[Start of Attachment]
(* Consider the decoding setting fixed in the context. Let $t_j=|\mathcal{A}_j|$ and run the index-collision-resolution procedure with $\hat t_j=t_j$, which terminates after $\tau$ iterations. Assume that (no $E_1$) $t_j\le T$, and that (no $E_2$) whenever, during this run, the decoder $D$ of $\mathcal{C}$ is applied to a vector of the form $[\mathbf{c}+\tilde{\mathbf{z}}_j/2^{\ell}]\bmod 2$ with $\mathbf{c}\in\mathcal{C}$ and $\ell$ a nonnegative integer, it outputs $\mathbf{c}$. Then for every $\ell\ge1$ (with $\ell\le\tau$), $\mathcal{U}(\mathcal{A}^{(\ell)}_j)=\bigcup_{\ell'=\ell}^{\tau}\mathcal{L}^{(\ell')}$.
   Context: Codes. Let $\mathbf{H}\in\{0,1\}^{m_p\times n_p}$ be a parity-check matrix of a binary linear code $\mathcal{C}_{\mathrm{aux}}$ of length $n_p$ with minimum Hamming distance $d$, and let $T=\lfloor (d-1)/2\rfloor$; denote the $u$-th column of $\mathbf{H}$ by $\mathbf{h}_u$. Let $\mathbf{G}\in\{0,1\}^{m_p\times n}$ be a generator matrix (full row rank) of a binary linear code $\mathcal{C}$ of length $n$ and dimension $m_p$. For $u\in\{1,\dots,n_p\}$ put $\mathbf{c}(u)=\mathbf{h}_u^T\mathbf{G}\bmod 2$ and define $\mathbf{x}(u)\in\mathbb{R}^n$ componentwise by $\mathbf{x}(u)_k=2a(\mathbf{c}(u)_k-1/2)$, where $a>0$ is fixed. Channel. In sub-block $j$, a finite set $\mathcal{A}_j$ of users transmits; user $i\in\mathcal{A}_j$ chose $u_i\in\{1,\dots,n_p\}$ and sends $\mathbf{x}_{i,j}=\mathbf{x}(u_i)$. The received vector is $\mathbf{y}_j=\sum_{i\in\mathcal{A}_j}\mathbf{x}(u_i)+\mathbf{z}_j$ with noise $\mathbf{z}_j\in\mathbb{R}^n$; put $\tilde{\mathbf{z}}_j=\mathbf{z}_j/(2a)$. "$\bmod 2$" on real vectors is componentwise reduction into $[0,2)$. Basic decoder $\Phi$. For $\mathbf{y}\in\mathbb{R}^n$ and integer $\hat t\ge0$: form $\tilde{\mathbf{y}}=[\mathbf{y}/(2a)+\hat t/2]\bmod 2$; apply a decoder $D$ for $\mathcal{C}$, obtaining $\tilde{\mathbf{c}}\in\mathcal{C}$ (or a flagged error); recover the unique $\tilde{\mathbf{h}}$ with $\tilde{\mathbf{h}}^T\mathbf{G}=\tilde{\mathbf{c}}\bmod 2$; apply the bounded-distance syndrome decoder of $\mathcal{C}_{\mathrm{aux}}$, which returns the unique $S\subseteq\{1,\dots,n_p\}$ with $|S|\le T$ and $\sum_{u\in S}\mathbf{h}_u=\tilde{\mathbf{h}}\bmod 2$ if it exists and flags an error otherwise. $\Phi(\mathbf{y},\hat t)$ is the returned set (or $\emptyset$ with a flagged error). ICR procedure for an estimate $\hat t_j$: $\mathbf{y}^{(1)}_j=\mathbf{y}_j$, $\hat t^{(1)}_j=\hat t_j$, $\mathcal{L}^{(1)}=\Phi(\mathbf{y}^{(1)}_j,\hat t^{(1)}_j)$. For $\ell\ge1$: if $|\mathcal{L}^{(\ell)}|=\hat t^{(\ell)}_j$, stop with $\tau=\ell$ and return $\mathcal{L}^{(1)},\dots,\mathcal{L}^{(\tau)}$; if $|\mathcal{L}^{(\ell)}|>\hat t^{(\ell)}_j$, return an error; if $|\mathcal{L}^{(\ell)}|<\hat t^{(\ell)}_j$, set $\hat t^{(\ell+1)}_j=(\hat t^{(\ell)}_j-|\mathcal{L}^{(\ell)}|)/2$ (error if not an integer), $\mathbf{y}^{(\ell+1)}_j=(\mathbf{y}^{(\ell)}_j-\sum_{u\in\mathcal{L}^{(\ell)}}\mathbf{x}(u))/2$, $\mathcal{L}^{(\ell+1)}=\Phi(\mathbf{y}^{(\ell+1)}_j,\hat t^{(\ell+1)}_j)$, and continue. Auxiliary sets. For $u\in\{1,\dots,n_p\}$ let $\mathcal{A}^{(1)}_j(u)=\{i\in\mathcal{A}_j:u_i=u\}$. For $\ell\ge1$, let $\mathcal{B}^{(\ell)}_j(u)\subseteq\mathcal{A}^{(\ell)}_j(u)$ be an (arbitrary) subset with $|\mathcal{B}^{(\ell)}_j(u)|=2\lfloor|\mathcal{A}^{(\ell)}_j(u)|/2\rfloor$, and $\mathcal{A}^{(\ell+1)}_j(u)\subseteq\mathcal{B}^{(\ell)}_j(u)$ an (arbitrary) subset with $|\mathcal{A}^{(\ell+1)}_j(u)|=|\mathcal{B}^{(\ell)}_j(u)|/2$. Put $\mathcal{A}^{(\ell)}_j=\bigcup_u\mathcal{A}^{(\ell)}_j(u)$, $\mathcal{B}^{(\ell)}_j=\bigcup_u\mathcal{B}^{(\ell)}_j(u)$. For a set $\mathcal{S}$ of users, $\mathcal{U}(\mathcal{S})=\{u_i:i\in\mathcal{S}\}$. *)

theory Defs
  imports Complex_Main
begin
[End of Attachment]
> **What you will do**: Nothing may be left out or altered: reproduce the complete listing.

> **Task output**:
(* Consider the decoding setting fixed in the context. Let $t_j=|\mathcal{A}_j|$ and run the index-collision-resolution procedure with $\hat t_j=t_j$, which terminates after $\tau$ iterations. Assume that (no $E_1$) $t_j\le T$, and that (no $E_2$) whenever, during this run, the decoder $D$ of $\mathcal{C}$ is applied to a vector of the form $[\mathbf{c}+\tilde{\mathbf{z}}_j/2^{\ell}]\bmod 2$ with $\mathbf{c}\in\mathcal{C}$ and $\ell$ a nonnegative integer, it outputs $\mathbf{c}$. Then for every $\ell\ge1$ (with $\ell\le\tau$), $\mathcal{U}(\mathcal{A}^{(\ell)}_j)=\bigcup_{\ell'=\ell}^{\tau}\mathcal{L}^{(\ell')}$.
   Context: Codes. Let $\mathbf{H}\in\{0,1\}^{m_p\times n_p}$ be a parity-check matrix of a binary linear code $\mathcal{C}_{\mathrm{aux}}$ of length $n_p$ with minimum Hamming distance $d$, and let $T=\lfloor (d-1)/2\rfloor$; denote the $u$-th column of $\mathbf{H}$ by $\mathbf{h}_u$. Let $\mathbf{G}\in\{0,1\}^{m_p\times n}$ be a generator matrix (full row rank) of a binary linear code $\mathcal{C}$ of length $n$ and dimension $m_p$. For $u\in\{1,\dots,n_p\}$ put $\mathbf{c}(u)=\mathbf{h}_u^T\mathbf{G}\bmod 2$ and define $\mathbf{x}(u)\in\mathbb{R}^n$ componentwise by $\mathbf{x}(u)_k=2a(\mathbf{c}(u)_k-1/2)$, where $a>0$ is fixed. Channel. In sub-block $j$, a finite set $\mathcal{A}_j$ of users transmits; user $i\in\mathcal{A}_j$ chose $u_i\in\{1,\dots,n_p\}$ and sends $\mathbf{x}_{i,j}=\mathbf{x}(u_i)$. The received vector is $\mathbf{y}_j=\sum_{i\in\mathcal{A}_j}\mathbf{x}(u_i)+\mathbf{z}_j$ with noise $\mathbf{z}_j\in\mathbb{R}^n$; put $\tilde{\mathbf{z}}_j=\mathbf{z}_j/(2a)$. "$\bmod 2$" on real vectors is componentwise reduction into $[0,2)$. Basic decoder $\Phi$. For $\mathbf{y}\in\mathbb{R}^n$ and integer $\hat t\ge0$: form $\tilde{\mathbf{y}}=[\mathbf{y}/(2a)+\hat t/2]\bmod 2$; apply a decoder $D$ for $\mathcal{C}$, obtaining $\tilde{\mathbf{c}}\in\mathcal{C}$ (or a flagged error); recover the unique $\tilde{\mathbf{h}}$ with $\tilde{\mathbf{h}}^T\mathbf{G}=\tilde{\mathbf{c}}\bmod 2$; apply the bounded-distance syndrome decoder of $\mathcal{C}_{\mathrm{aux}}$, which returns the unique $S\subseteq\{1,\dots,n_p\}$ with $|S|\le T$ and $\sum_{u\in S}\mathbf{h}_u=\tilde{\mathbf{h}}\bmod 2$ if it exists and flags an error otherwise. $\Phi(\mathbf{y},\hat t)$ is the returned set (or $\emptyset$ with a flagged error). ICR procedure for an estimate $\hat t_j$: $\mathbf{y}^{(1)}_j=\mathbf{y}_j$, $\hat t^{(1)}_j=\hat t_j$, $\mathcal{L}^{(1)}=\Phi(\mathbf{y}^{(1)}_j,\hat t^{(1)}_j)$. For $\ell\ge1$: if $|\mathcal{L}^{(\ell)}|=\hat t^{(\ell)}_j$, stop with $\tau=\ell$ and return $\mathcal{L}^{(1)},\dots,\mathcal{L}^{(\tau)}$; if $|\mathcal{L}^{(\ell)}|>\hat t^{(\ell)}_j$, return an error; if $|\mathcal{L}^{(\ell)}|<\hat t^{(\ell)}_j$, set $\hat t^{(\ell+1)}_j=(\hat t^{(\ell)}_j-|\mathcal{L}^{(\ell)}|)/2$ (error if not an integer), $\mathbf{y}^{(\ell+1)}_j=(\mathbf{y}^{(\ell)}_j-\sum_{u\in\mathcal{L}^{(\ell)}}\mathbf{x}(u))/2$, $\mathcal{L}^{(\ell+1)}=\Phi(\mathbf{y}^{(\ell+1)}_j,\hat t^{(\ell+1)}_j)$, and continue. Auxiliary sets. For $u\in\{1,\dots,n_p\}$ let $\mathcal{A}^{(1)}_j(u)=\{i\in\mathcal{A}_j:u_i=u\}$. For $\ell\ge1$, let $\mathcal{B}^{(\ell)}_j(u)\subseteq\mathcal{A}^{(\ell)}_j(u)$ be an (arbitrary) subset with $|\mathcal{B}^{(\ell)}_j(u)|=2\lfloor|\mathcal{A}^{(\ell)}_j(u)|/2\rfloor$, and $\mathcal{A}^{(\ell+1)}_j(u)\subseteq\mathcal{B}^{(\ell)}_j(u)$ an (arbitrary) subset with $|\mathcal{A}^{(\ell+1)}_j(u)|=|\mathcal{B}^{(\ell)}_j(u)|/2$. Put $\mathcal{A}^{(\ell)}_j=\bigcup_u\mathcal{A}^{(\ell)}_j(u)$, $\mathcal{B}^{(\ell)}_j=\bigcup_u\mathcal{B}^{(\ell)}_j(u)$. For a set $\mathcal{S}$ of users, $\mathcal{U}(\mathcal{S})=\{u_i:i\in\mathcal{S}\}$. *)

theory Defs
  imports Complex_Main
begin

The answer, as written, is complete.